What you need to do ▸ The material below holds a span beginning at the line with "using q_pos by" and ending at the line with "obtain p k where". Quote that span exactly, both ends included, and only that span.

Data for this task ▸

__________

lemma X_shift_prod_Cons: "X_shift_prod (c # cs) v = X_shift c (X_shift_prod cs v)"
  by (simp add: X_shift_prod_def)

lemma X_shift_prod_mset_cong: "mset cs = mset cs' \<Longrightarrow> X_shift_prod cs = X_shift_prod cs'"
  unfolding X_shift_prod_def by (rule foldr_comp_mset_cong) (auto simp: fun_eq_iff X_shift_commute)

lemma X_pair_prod_eq_X_shift_prod:
  "X_pair_prod ms = X_shift_prod (concat (map (\<lambda>m. [root_up m, root_down (Suc m)]) ms))"
  by (induction ms) (simp_all add: X_pair_prod_def X_shift_prod_def comp_assoc)

definition h_factor_prod :: "nat list \<Rightarrow> complex mat" where
  "h_factor_prod ks = foldr (\<lambda>k M. (X_minus (root_up k) * X_minus (root_down k)) * M) ks (1\<^sub>m n)"

lemma h_factor_prod_Cons:
  "h_factor_prod (k # ks) = (X_minus (root_up k) * X_minus (root_down k)) * h_factor_prod ks"
  by (simp add: h_factor_prod_def)

lemma h_factor_prod_carrier: "h_factor_prod ks \<in> carrier_mat n n"
proof (induction ks)
  case (Cons k ks)
  show ?case unfolding h_factor_prod_Cons
    by (rule mult_carrier_mat[OF mult_carrier_mat[OF X_minus_carrier X_minus_carrier] Cons.IH])
qed (simp add: h_factor_prod_def)

lemma h_factor_prod_mult_vec:
  "h_factor_prod ks *\<^sub>v vec n f = vec n (X_shift_prod (concat (map (\<lambda>k. [root_up k, root_down k]) ks)) f)"
proof (induction ks arbitrary: f)
  case Nil
  then show ?case by (simp add: h_factor_prod_def X_shift_prod_def)
next
  case (Cons k ks)
  have "h_factor_prod ks *\<^sub>v vec n f \<in> carrier_vec n"
    using h_factor_prod_carrier by (rule mult_mat_vec_carrier) simp
  then have "h_factor_prod (k # ks) *\<^sub>v vec n f
      = X_minus (root_up k) *\<^sub>v (X_minus (root_down k) *\<^sub>v (h_factor_prod ks *\<^sub>v vec n f))"
    unfolding h_factor_prod_Cons
    by (simp add: assoc_mult_mat_vec[OF mult_carrier_mat[OF X_minus_carrier X_minus_carrier]
        h_factor_prod_carrier] assoc_mult_mat_vec[OF X_minus_carrier X_minus_carrier])
  then show ?case by (simp add: Cons X_minus_mult_vec X_shift_prod_Cons)
qed

lemma annihilator_eq_zero:
  "(X_minus (root_up 0) * X_minus (root_down D)) * h_factor_prod [1..<D] = 0\<^sub>m n n"
proof (rule mat_eq_zero_if_mult_vec_zero)
  show "(X_minus (root_up 0) * X_minus (root_down D)) * h_factor_prod [1..<D] \<in> carrier_mat n n"
    by (rule mult_carrier_mat[OF mult_carrier_mat[OF X_minus_carrier X_minus_carrier]
        h_factor_prod_carrier])
  fix f
  let ?cs = "concat (map (\<lambda>k. [root_up k, root_down k]) [1..<D])"
  have "mset (root_up 0 # root_down D # ?cs)
      = mset (concat (map (\<lambda>m. [root_up m, root_down (Suc m)]) [0..<D]))"
  proof -
    have first: "[0..<D] = 0 # [1..<D]" using D_pos by (simp add: upt_conv_Cons)
    have shifted: "map (\<lambda>m. root_down (Suc m)) [0..<D] = map root_down [1..<D] @ [root_down D]"
    proof -
      have "map (\<lambda>m. root_down (Suc m)) [0..<D] = map root_down (map Suc [0..<D])" by simp
      also have "\<dots> = map root_down [1..<Suc D]" by (simp only: map_Suc_upt) simp
      finally show ?thesis using D_pos by simp
    qed
    show ?thesis unfolding mset_concat_map_pair shifted by (simp add: first mset_concat_map_pair)
  qed
  then have "X_shift_prod (root_up 0 # root_down D # ?cs) = X_pair_prod [0..<D]"
    unfolding X_pair_prod_eq_X_shift_prod by (rule X_shift_prod_mset_cong)
  then have "X_shift_prod (root_up 0 # root_down D # ?cs) f = (\<lambda>_. 0)"
    by (simp add: X_pair_prod_vanishes)
  then have "X_shift (root_up 0) (X_shift (root_down D) (X_shift_prod ?cs f)) = (\<lambda>_. 0)"
    by (simp only: X_shift_prod_Cons)
  then show "((X_minus (root_up 0) * X_minus (root_down D)) * h_factor_prod [1..<D]) *\<^sub>v vec n f = 0\<^sub>v n"
    by (simp add: assoc_mult_mat_vec[OF mult_carrier_mat[OF X_minus_carrier X_minus_carrier]
        h_factor_prod_carrier] assoc_mult_mat_vec[OF X_minus_carrier X_minus_carrier]
        h_factor_prod_mult_vec X_minus_mult_vec zero_vec_def)
qed

lemma Xmat_invertible: "invertible_mat (Xmat D q e)"
proof -
  define B where "B = mat n n (\<lambda>(i, j). X_op_inv (\<lambda>k. if k = j then 1 else 0) i)"
  have B: "B \<in> carrier_mat n n" by (simp add: B_def)
  have XB: "Xmat D q e * B = 1\<^sub>m n"
  proof (rule eq_matI)
    fix i j assume "i < dim_row (1\<^sub>m n :: complex mat)" "j < dim_col (1\<^sub>m n :: complex mat)"
    then have i: "i < n" and j: "j < n" by auto
    have "col B j = vec n (X_op_inv (\<lambda>k. if k = j then 1 else 0))" using j by (simp add: B_def)
    then have "(Xmat D q e * B) $$ (i, j) = (Xmat D q e *\<^sub>v vec n (X_op_inv (\<lambda>k. if k = j then 1 else 0))) $ i"
      using i j B Xmat_carrier by simp
    then show "(Xmat D q e * B) $$ (i, j) = 1\<^sub>m n $$ (i, j)"
      using i j by (simp add: Xmat_mult_vec X_op_inv_right)
  qed (use B Xmat_carrier in auto)
  then have "B * Xmat D q e = 1\<^sub>m n" by (rule mat_mult_left_right_inverse[OF Xmat_carrier B])
  with XB B Xmat_carrier show ?thesis
    unfolding invertible_mat_def inverts_mat_def by (auto intro!: exI[of _ B])
qed

lemma X_minus_mult_commute_left_inverse:
  assumes "Y \<in> carrier_mat n n" "Y * Xmat D q e = 1\<^sub>m n"
  shows "(X_minus c * X_minus d) * Y = Y * (X_minus c * X_minus d)"
  using assms X_minus_carrier Xmat_carrier
  by (intro mult_commute_mult_mat) (auto simp: X_minus_def minus_smult_one_commute_left_inverse)

lemma p_perp_h_perp_eq:
  "p_perp D q e Y (Xmat D q e) * h_perp D q e Y (Xmat D q e)
    = (Y * (X_minus (root_up 0) * X_minus (root_down D))) * (Y ^\<^sub>m (D - 1) * h_factor_prod [1..<D])"
  using q_pos by (simp add: p_perp_def h_perp_def dim_row_Xmat X_minus_def h_factor_prod_def
      root_up_def root_down_def qp_zero)

end

theorem lemma9p4:
  fixes D q :: nat and e :: real
  assumes "prime_power q"
    and "D \<ge> 3"
    and "e \<in> {0, 1/2, 1, 3/2, 2}"
    and "e \<in> {1/2, 3/2} \<Longrightarrow> \<exists>r. q = r ^ 2"
  shows "invertible_mat (Xmat D q e) \<and>
    (\<forall>Y \<in> carrier_mat (2 * D) (2 * D).
       Y * Xmat D q e = 1\<^sub>m (2 * D) \<longrightarrow>
       p_perp D q e Y (Xmat D q e) * h_perp D q e Y (Xmat D q e) = 0\<^sub>m (2 * D) (2 * D))"
proof -
  obtain p k where "prime p" "k > 0" "q = p ^ k"
    using assms(1) unfolding prime_power_def by blast
  then have "q > 1" using prime_gt_1_nat one_less_power by blast
  then interpret dual_polar_params D q e
    using assms(2) by unfold_locales auto
  show ?thesis
  proof (intro conjI ballI impI)
    fix Y assume Y: "Y \<in> carrier_mat n n" and YX: "Y * Xmat D q e = 1\<^sub>m n"
    show "p_perp D q e Y (Xmat D q e) * h_perp D q e Y (Xmat D q e) = 0\<^sub>m n n"
      unfolding p_perp_h_perp_eq
      by (rule mult_pow_mult_zero[OF Y mult_carrier_mat[OF X_minus_carrier X_minus_carrier]
            h_factor_prod_carrier X_minus_mult_commute_left_inverse[OF Y YX] annihilator_eq_zero])
  qed (rule Xmat_invertible)
qed

end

__________

Answer for the task ▸
  using q_pos by (simp add: p_perp_def h_perp_def dim_row_Xmat X_minus_def h_factor_prod_def
      root_up_def root_down_def qp_zero)

end

theorem lemma9p4:
  fixes D q :: nat and e :: real
  assumes "prime_power q"
    and "D \<ge> 3"
    and "e \<in> {0, 1/2, 1, 3/2, 2}"
    and "e \<in> {1/2, 3/2} \<Longrightarrow> \<exists>r. q = r ^ 2"
  shows "invertible_mat (Xmat D q e) \<and>
    (\<forall>Y \<in> carrier_mat (2 * D) (2 * D).
       Y * Xmat D q e = 1\<^sub>m (2 * D) \<longrightarrow>
       p_perp D q e Y (Xmat D q e) * h_perp D q e Y (Xmat D q e) = 0\<^sub>m (2 * D) (2 * D))"
proof -
  obtain p k where "prime p" "k > 0" "q = p ^ k"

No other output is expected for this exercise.